The ability to understand the meaning of a word within a given context can be measured through tests of reading comprehension which ask the reader to approximate the definition of a word based on a literary passage. In the workplace, general vocabulary skills can help workers acquire the specific vocabulary of a professional discipline, and the capacity to make educated guesses about the meanings of unfamiliar words, based on context, is an important and distinguishing skill.
Reading comprehension requires that a reader be able to summarize the main idea of a written passage and state the writer's probable intention. For employees, this is often necessary in order to understand and follow written instructions such as emails from employers. The ability to filter out unnecessary information, grasp the priority of actions intended by the passage, and adapt the information to the context -- such as the overall goals of productivity and efficiency -- are skills possessed by effective workers.
Expressing relationships between concepts requires the ability to formulate basic principles of logic in a way that is understandable for an intended audience.
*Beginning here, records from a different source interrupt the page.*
(* Let $G$ be a weakly-reversible chemical reaction network in $s$ species that is not catalytic. Then $V_{\mathbb{R}}(\mathcal{E}_G)\cap\mathbb{R}^s_{>0}$ is dense, in the Euclidean topology, in $V_{\mathbb{R}}(\mathcal{E}_G)\cap\mathbb{R}^s_{\ge0}$.
   Context: A chemical reaction network (CRN) consists of positive integers $s,n$, a finite directed graph $G$ with vertex set $\{1,\dots,n\}$ and edge set $E(G)$, and an injective labeling of vertex $i$ by a monic monomial $\psi_i=\prod_{j=1}^s x_j^{y_{ij}}$. $G$ is weakly-reversible iff each connected component is strongly connected. The associated event-system $\mathcal{E}_G$ is the set of binomials $\psi_i-\psi_j$, one for each pair $\{i,j\}$ with $(i,j)\in E(G)$ or $(j,i)\in E(G)$; $V_{\mathbb{R}}(\mathcal{E}_G)$ is its real zero set in $\mathbb{R}^s$. The event-graph $\overline{G}$ has as vertices all monic monomials in $x_1,\dots,x_s$, with an edge $(N\psi_i,N\psi_j)$ for each $(i,j)\in E(G)$ and each monic monomial $N$. A weakly-reversible CRN is catalytic iff there exist monic monomials $M,N$ path-connected in $\overline{G}$ such that $M/\gcd(M,N)$ and $N/\gcd(M,N)$ are not path-connected in $\overline{G}$. *)

theory Defs
  imports "HOL-Analysis.Analysis"
begin

(* Species are indexed by a finite type 's (so s = CARD('s) >= 1).
   A monic monomial x^a is represented by its exponent vector a :: 's => nat.
   A CRN is given by n :: nat, an edge set E on vertices {1..n}, and a
   labeling y :: nat => ('s => nat) (vertex i is labelled by x^(y i)). *)

definition is_CRN :: "nat \<Rightarrow> (nat \<times> nat) set \<Rightarrow> (nat \<Rightarrow> ('s \<Rightarrow> nat)) \<Rightarrow> bool" where
  "is_CRN n E y \<longleftrightarrow> n \<ge> 1 \<and> E \<subseteq> {1..n} \<times> {1..n} \<and> inj_on y {1..n}"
In the workplace, employees are most often asked to do this through written explanations of essential components in a system, with the purpose of making the system more efficient, collaborating with partners, communicating with the public or training new workers.
The ability to reason critically is among the most important of literacy skills. Employees with critical reasoning skills have the ability to understand consequences, detect flaws in logic, examine their own biases, think probabilistically, and analogize between situations. In the workplace these skills are important in such areas as strategic planning, product development, utilization of resources and analyzing consumer trends.